YOUR ASSIGNMENT: Using the records below, transcribe word for word the stretch from the line that contains "s \<in> hom" through the line that contains "using regV_subset by auto", both end lines included, and nothing else.

=== Section Start ===

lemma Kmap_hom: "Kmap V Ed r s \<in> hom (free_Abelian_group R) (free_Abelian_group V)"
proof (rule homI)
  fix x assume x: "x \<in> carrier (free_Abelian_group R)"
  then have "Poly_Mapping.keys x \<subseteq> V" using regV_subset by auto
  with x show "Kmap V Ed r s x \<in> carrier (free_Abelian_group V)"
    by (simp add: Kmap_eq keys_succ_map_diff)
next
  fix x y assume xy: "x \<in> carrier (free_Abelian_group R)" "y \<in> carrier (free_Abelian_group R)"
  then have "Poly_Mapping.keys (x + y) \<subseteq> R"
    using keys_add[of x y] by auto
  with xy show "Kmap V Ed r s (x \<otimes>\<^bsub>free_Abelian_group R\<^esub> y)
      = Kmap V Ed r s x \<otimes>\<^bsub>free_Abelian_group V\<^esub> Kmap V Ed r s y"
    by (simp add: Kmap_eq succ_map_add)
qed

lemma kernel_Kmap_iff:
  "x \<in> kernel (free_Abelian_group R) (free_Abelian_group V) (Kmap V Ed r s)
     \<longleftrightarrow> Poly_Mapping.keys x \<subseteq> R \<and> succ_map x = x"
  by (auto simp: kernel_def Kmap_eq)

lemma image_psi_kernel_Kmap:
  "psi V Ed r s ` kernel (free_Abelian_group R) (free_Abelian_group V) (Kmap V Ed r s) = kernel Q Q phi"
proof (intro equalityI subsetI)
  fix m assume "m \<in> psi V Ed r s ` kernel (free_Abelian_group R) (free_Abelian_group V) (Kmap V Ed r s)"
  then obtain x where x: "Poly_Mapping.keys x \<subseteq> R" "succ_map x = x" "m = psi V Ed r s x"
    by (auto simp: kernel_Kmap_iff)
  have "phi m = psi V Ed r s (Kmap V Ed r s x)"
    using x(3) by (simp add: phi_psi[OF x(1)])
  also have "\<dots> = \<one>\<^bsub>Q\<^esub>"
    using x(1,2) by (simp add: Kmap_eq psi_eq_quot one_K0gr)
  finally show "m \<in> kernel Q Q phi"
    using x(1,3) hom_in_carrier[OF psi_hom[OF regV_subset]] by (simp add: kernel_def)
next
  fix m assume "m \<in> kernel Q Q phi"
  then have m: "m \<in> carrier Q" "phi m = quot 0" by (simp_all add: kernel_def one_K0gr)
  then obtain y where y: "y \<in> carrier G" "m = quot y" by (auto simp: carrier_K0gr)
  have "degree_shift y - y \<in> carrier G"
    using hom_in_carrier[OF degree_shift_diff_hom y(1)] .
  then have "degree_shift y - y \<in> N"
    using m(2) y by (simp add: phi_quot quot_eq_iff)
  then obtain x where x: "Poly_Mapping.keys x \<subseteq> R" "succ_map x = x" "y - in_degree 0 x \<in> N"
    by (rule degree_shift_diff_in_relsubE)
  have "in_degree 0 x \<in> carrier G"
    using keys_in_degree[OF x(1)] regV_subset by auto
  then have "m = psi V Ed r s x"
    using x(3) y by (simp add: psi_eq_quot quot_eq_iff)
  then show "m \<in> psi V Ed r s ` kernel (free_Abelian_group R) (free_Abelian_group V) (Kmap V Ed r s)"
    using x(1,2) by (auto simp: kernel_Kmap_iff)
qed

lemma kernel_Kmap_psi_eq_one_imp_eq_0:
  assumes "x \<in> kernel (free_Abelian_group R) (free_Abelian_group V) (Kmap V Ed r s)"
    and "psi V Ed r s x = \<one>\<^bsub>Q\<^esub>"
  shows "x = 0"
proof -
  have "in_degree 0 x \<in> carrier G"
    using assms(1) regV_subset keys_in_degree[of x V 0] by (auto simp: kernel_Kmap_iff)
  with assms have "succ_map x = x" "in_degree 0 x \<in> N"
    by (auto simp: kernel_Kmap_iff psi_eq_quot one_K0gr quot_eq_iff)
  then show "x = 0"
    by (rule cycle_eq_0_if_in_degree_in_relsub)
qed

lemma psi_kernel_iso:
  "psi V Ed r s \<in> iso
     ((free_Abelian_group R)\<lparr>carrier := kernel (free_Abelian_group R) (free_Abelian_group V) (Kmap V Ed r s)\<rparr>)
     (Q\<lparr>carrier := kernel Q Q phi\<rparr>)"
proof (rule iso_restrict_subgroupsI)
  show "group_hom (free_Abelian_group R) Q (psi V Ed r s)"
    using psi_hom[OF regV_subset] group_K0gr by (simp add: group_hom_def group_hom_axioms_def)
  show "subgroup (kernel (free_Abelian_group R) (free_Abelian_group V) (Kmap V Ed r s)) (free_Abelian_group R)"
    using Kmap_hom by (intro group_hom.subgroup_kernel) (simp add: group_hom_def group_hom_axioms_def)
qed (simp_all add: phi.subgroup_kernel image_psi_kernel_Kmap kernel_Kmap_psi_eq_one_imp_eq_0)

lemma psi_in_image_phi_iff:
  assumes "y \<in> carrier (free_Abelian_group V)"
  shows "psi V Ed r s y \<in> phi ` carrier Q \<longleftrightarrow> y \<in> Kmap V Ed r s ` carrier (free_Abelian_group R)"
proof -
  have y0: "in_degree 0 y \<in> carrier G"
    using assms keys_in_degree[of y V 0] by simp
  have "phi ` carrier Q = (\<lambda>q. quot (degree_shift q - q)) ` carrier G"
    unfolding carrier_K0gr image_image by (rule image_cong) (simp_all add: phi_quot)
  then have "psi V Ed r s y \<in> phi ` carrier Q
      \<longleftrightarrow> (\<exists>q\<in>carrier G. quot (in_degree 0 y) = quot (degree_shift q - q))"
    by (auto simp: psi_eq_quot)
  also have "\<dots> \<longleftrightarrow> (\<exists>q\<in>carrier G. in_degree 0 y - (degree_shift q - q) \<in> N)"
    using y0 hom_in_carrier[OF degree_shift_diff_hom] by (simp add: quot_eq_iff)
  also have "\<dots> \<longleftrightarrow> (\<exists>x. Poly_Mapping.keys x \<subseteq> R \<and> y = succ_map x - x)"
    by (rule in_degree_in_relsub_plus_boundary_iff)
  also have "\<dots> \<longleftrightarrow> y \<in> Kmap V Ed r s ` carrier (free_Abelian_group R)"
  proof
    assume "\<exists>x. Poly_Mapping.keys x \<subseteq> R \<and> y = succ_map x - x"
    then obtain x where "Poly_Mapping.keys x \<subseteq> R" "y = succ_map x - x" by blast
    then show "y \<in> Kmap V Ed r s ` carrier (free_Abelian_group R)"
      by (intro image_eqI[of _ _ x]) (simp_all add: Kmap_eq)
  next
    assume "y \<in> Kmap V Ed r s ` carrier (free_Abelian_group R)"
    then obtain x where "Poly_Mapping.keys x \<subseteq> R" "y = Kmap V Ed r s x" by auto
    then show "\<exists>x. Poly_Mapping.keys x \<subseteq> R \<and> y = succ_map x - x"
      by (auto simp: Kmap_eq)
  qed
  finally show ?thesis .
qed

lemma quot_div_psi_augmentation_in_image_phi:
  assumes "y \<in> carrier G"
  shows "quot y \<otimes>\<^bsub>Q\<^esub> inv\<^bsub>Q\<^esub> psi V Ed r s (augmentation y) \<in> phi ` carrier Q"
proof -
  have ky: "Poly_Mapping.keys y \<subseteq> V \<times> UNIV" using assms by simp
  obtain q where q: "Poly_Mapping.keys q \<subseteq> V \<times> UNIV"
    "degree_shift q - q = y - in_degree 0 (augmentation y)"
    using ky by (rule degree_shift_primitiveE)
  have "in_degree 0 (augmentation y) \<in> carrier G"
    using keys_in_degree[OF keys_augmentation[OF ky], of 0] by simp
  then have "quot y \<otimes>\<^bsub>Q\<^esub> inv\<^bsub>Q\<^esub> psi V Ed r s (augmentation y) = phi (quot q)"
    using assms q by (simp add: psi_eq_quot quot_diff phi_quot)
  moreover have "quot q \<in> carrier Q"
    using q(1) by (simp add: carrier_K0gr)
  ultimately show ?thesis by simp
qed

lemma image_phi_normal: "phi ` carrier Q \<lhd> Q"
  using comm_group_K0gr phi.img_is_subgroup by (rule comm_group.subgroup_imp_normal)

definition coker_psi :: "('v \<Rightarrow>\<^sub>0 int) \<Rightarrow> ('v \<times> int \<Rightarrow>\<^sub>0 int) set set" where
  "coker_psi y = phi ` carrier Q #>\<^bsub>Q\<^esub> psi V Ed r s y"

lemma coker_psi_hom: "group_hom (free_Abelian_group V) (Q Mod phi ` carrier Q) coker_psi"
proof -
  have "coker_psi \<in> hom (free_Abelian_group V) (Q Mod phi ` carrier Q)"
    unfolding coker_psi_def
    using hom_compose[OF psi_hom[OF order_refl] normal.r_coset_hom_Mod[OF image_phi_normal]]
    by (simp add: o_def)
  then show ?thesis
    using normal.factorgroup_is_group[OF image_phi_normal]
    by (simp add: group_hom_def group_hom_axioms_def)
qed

=== Section End ===
=== Section Start ===

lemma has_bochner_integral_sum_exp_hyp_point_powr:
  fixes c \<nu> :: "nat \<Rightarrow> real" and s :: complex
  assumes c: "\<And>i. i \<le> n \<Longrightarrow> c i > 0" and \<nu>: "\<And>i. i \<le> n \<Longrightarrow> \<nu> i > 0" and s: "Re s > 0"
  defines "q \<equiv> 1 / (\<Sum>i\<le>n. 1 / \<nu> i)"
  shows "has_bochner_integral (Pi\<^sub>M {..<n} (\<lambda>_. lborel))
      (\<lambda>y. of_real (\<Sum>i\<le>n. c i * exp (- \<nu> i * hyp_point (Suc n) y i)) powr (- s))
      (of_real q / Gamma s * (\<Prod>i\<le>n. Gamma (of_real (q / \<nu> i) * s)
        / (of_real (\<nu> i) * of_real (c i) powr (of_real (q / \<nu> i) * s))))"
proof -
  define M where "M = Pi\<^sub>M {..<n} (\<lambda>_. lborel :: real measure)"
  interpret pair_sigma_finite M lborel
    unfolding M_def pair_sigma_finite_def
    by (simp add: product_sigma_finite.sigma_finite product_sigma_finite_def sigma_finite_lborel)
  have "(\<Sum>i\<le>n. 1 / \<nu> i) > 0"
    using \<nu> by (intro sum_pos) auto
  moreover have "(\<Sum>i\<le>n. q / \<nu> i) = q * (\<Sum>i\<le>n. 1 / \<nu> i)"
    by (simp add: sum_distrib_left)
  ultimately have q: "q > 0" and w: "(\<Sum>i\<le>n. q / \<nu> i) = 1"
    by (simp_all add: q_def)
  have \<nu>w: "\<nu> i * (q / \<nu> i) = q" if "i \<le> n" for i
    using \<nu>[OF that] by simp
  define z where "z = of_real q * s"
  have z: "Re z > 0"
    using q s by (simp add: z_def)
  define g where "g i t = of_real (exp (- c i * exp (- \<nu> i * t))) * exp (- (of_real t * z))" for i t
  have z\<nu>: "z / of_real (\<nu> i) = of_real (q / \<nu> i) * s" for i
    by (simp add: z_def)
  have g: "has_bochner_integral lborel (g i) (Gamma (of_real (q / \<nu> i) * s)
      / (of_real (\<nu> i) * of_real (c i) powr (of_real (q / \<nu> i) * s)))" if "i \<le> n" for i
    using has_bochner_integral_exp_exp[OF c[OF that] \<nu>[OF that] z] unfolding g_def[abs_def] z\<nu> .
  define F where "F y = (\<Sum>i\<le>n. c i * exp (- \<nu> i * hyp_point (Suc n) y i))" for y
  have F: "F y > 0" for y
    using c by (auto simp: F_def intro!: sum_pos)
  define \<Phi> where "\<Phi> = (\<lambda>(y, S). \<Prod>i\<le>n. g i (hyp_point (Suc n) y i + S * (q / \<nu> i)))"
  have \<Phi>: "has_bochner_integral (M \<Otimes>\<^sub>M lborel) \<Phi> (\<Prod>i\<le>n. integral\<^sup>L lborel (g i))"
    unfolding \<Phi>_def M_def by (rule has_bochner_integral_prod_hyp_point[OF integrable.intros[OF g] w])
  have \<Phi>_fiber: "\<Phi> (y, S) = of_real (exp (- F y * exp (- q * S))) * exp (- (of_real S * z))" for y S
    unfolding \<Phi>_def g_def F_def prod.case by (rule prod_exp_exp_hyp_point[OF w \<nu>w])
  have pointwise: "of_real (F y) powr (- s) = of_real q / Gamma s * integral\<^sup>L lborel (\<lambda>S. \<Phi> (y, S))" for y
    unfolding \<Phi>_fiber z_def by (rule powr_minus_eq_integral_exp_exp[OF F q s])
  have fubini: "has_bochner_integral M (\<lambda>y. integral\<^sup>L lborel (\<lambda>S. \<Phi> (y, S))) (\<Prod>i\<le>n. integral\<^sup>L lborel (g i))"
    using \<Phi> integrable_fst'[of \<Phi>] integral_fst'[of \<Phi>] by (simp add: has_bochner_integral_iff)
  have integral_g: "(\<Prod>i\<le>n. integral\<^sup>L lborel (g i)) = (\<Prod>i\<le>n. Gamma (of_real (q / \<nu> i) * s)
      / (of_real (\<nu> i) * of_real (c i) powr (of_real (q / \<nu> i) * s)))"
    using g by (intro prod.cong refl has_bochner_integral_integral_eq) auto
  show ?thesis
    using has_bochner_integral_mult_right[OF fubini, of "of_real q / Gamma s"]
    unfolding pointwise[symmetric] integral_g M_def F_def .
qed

=== Section End ===
=== Section Start ===

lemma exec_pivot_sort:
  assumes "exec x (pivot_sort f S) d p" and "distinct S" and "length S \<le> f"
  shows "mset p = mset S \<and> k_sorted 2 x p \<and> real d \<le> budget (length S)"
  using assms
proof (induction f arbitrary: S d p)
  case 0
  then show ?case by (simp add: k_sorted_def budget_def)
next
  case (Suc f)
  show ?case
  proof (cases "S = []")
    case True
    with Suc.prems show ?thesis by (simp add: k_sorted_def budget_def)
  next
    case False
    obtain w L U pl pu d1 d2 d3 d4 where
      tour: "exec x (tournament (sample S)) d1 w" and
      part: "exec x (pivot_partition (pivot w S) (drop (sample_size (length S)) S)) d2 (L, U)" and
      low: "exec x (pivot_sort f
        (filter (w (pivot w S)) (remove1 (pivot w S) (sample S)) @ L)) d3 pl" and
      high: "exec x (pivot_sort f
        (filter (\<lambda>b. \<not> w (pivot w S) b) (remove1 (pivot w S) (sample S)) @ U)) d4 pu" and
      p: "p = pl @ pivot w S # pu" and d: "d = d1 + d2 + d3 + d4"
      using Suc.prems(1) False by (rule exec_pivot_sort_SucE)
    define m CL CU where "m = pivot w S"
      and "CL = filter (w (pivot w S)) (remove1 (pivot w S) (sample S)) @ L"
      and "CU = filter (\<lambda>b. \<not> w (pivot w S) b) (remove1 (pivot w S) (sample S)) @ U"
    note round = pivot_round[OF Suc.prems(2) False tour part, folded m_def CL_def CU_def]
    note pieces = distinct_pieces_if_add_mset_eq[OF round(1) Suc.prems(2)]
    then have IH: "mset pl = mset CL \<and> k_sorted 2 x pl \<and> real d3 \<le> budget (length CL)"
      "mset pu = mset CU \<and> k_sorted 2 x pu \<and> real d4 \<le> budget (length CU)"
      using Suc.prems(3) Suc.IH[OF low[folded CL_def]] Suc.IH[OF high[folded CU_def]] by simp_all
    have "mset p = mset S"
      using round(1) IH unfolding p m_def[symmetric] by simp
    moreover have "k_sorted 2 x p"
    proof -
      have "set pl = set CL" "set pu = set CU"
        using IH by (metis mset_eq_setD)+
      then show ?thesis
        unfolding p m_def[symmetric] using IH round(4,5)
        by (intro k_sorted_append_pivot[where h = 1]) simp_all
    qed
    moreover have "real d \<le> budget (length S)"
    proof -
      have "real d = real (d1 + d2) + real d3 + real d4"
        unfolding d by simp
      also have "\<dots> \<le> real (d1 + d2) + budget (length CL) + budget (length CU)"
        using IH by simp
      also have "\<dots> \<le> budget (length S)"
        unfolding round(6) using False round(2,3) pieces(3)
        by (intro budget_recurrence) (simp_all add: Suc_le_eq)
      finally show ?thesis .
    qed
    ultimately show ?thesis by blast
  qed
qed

=== Section End ===

THE COMPLETED TASK:
lemma Kmap_hom: "Kmap V Ed r s \<in> hom (free_Abelian_group R) (free_Abelian_group V)"
proof (rule homI)
  fix x assume x: "x \<in> carrier (free_Abelian_group R)"
  then have "Poly_Mapping.keys x \<subseteq> V" using regV_subset by auto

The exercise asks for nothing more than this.